The Cambodian government now says it’s serious about reform. It’s exploring a Central Bank Digital Currency (CBDC) to replace underground crypto. But CBDCs take years to roll out. And in the meantime, the criminals are already planning their next move.

Some experts warn this could become the new drug trade. Jacob Sims from Harvard’s Asia Center called it “the top form of financial crime impacting Americans now and maybe ever in history.” The profits? Bigger than cocaine. The reach? Global. The victims? Millions.

For now, the underground market survives. The scams still run. The money still moves. And until Cambodia’s institutions become as strong as its criminals, this won’t end.

Is crypto trading legal in Cambodia today?

Technically, yes-but only under strict licensing. In late 2024, Cambodia replaced its 2019 ban with a permission-based system that allows licensed exchanges to operate. However, the system is poorly enforced, and criminal networks like Huione Guarantee have used these licenses to launder money under the appearance of legality. Most underground trading still happens outside the system.

How do scammers trick people into crypto investment schemes?

Scammers use fake profiles on Telegram, WhatsApp, and Instagram to pose as successful traders. They post screenshots of fake profits, share testimonials from paid actors, and invite victims to join private groups. Once someone deposits money, they’re given a platform that looks like Binance or Kucoin. Withdrawals are blocked. Customer support vanishes. The entire setup is designed to look real until it’s too late.

What role does Telegram play in Cambodia’s crypto underground?

Telegram is the backbone of the underground crypto economy. It’s used to recruit victims, coordinate scams, sell stolen data, and transfer funds through encrypted channels. Huione Guarantee built a full criminal marketplace on Telegram before it was shut down in 2015. Since then, users have migrated to private, invite-only groups that are nearly impossible for law enforcement to access.

Are Cambodians victims or participants in this system?

Many Cambodians are both. Some work in scam compounds under threat of violence. Others run small underground exchanges or act as money mules, moving crypto between wallets for a cut. A small number profit directly from the system. But the vast majority are trapped-either as forced laborers or as people who lost savings to scams they didn’t even realize were criminal.

Can victims recover their lost crypto?

Almost never. Crypto transactions are irreversible. Even after the $15 billion seizure, most individual victims won’t get their money back. The seized assets belong to the U.S. government and will be used to fund law enforcement, not compensate individuals. Recovery requires international cooperation, legal action, and luck-all of which are rare in these cases.

How is this different from crypto scams in other countries?
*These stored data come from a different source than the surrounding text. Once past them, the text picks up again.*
theorem lemma1:
  fixes M :: "'a measure"
    and d K :: nat and p :: "nat \<Rightarrow> nat"
    and S :: "'a \<Rightarrow> nat \<Rightarrow> real"
    and \<Omega> Ov :: "nat \<Rightarrow> 'a \<Rightarrow> nat \<Rightarrow> real"
    and f :: "(nat \<Rightarrow> real) \<Rightarrow> ennreal"
    and g :: "nat \<Rightarrow> (nat \<Rightarrow> real) \<Rightarrow> ennreal"
    and D P :: "nat \<Rightarrow> nat \<Rightarrow> nat \<Rightarrow> real"
    and q :: "nat \<Rightarrow> nat \<Rightarrow> real"
    and RS :: "(nat \<Rightarrow> real) set" and RO :: "nat \<Rightarrow> (nat \<Rightarrow> real) set"
  assumes "prob_space M"
    and "distributed M (lebn d) S f"
    and "\<And>k. k \<in> {1..K} \<Longrightarrow> distributed M (lebn (p k)) (\<Omega> k) (g k)"
    and "prob_space.indep_vars M (\<lambda>i. lebn (if i = 0 then d else p i))
           (\<lambda>i. if i = 0 then S else \<Omega> i) {0..K}"
    and "\<And>k. k \<in> {1..K} \<Longrightarrow> invertible_sq (p k) (P k)"
    and "\<And>k. k \<in> {1..K} \<Longrightarrow> q k \<in> Rn (p k)"
    and "\<And>k \<omega>. k \<in> {1..K} \<Longrightarrow> \<omega> \<in> space M \<Longrightarrow> Ov k \<omega> \<in> Rn (p k)"
    and "\<And>k \<omega>. k \<in> {1..K} \<Longrightarrow> \<omega> \<in> space M \<Longrightarrow>
           \<Omega> k \<omega> = vadd (vadd (mv (p k) d (D k) (S \<omega>)) (mv (p k) (p k) (P k) (Ov k \<omega>))) (q k)"
    and "RS \<subseteq> Rn d" and "\<And>k. k \<in> {1..K} \<Longrightarrow> RO k \<subseteq> Rn (p k)"
    and "RS \<noteq> {} \<and> (\<forall>k\<in>{1..K}. RO k \<noteq> {}) \<longrightarrow>
           convex_set RS \<and> compact RS \<and> (\<forall>k\<in>{1..K}. convex_set (RO k) \<and> compact (RO k))"
  shows "eln (emeasure M {\<omega> \<in> space M. S \<omega> \<in> RS \<and> (\<forall>k\<in>{1..K}. Ov k \<omega> \<in> RO k)})
           \<le> - (INF so \<in> {(s, ov). s \<in> RS \<and> (\<forall>k\<in>{1..K}. ov k \<in> RO k)}.
                  convex_conj d (log_mgf d f) (fst so)
                  + (\<Sum>k=1..K. convex_conj (p k) (log_mgf (p k) (g k))
                       (vadd (vadd (mv (p k) d (D k) (fst so)) (mv (p k) (p k) (P k) (snd so k))) (q k))))"
    (is "eln (emeasure M ?A) \<le> - (INF so \<in> ?R. ?F so)")
proof -
  \<comment> \<open>Only coordinates below the dimension enter.\<close>
  interpret prob_space M by fact
  define A where "A = ?A"
  show ?thesis
  proof (cases "measure M A = 0")
    case True
    then show ?thesis
      by (simp add: A_def emeasure_eq_measure eln_def)
  next
    case False
    then have A: "A \<in> sets M" "measure M A > 0"
      using measure_notin_sets[of A M] measure_nonneg[of M A] by (blast, linarith)
    then have "A \<noteq> {}"
      by auto
    then have cvx: "convex_set RS \<and> compact RS \<and> (\<forall>k\<in>{1..K}. convex_set (RO k) \<and> compact (RO k))"
      using assms(11) by (auto simp: A_def)
    have mS: "S \<in> measurable M (lebn d)"
      using assms(2) by (rule distributed_measurable)
    have m\<Omega>: "\<Omega> k \<in> measurable M (lebn (p k))" if "k \<in> {1..K}" for k
      using assms(3)[OF that] by (rule distributed_measurable)
    have iS: "integrable M (\<lambda>\<omega>. indicator A \<omega> * S \<omega> j)" if "j < d" for j
      using cvx measurable_lebn_coordinate[OF mS that] A(1)
      by (intro integrable_indicator_coordinate_compact[where C = RS]) (auto simp: A_def)
    have iO: "integrable M (\<lambda>\<omega>. indicator A \<omega> * Ov k \<omega> j)" if "k \<in> {1..K}" "j < p k" for k j
      using cvx that borel_measurable_inversion_coordinate[OF assms(5) mS m\<Omega> assms(8)] A(1)
      by (intro integrable_indicator_coordinate_compact[where C = "RO k"]) (auto simp: A_def)
    define s where "s = cond_mean M A d S"
    define ov where "ov k = cond_mean M A (p k) (Ov k)" for k
    have so_region: "(s, ov) \<in> ?R"
      using cond_mean_in_convex[OF _ A assms(9)] cond_mean_in_convex[OF _ A assms(10)]
        cvx iS iO by (auto simp: s_def ov_def A_def)
    have i\<Omega>: "integrable M (\<lambda>\<omega>. indicator A \<omega> * \<Omega> k \<omega> j)"
      and mean_\<Omega>: "cond_mean M A (p k) (\<Omega> k) j
             = vadd (vadd (mv (p k) d (D k) s) (mv (p k) (p k) (P k) (ov k))) (q k) j"
      if "k \<in> {1..K}" "j < p k" for k j
      using cond_mean_inversion_map[OF _ A(1) _ assms(8) iS iO] that A(2)
      by (simp_all add: s_def ov_def)
    have "?F (s, ov) = convex_conj d (log_mgf d f) (cond_mean M A d S)
        + (\<Sum>k=1..K. convex_conj (p k) (log_mgf (p k) (g k)) (cond_mean M A (p k) (\<Omega> k)))"
      by (intro arg_cong2[where f = "(+)"] refl sum.cong convex_conj_cong)
        (use mean_\<Omega> in \<open>auto simp: s_def\<close>)
    also have "\<dots> \<le> ereal (- ln (measure M A))"
      by (rule convex_conj_cond_means_le[OF assms(1-4) A iS i\<Omega>])
    finally have "eln (emeasure M A) \<le> - (INF so \<in> ?R. ?F so)"
      unfolding emeasure_eq_measure by (rule eln_le_neg_INF[OF A(2) so_region])
    then show ?thesis
      by (simp only: A_def)
  qed
qed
Most crypto scams are online. Cambodia’s are physical. Victims are trafficked, held against their will, and forced to commit fraud. The scale is also unmatched-no other country has seen criminal groups build entire cities of scam factories, integrate them with casinos and hotels, and launder billions through a single entity like Huione Guarantee.

Is the U.S. government still targeting these operations?

Yes. The October 2025 forfeiture was just the beginning. The U.S. Treasury’s FinCEN continues to monitor Cambodian-linked wallets. The FBI and Interpol have joint task forces focused on Southeast Asian cybercrime. More arrests and seizures are expected through 2026. But the criminals are evolving-using decentralized exchanges and privacy coins to stay ahead.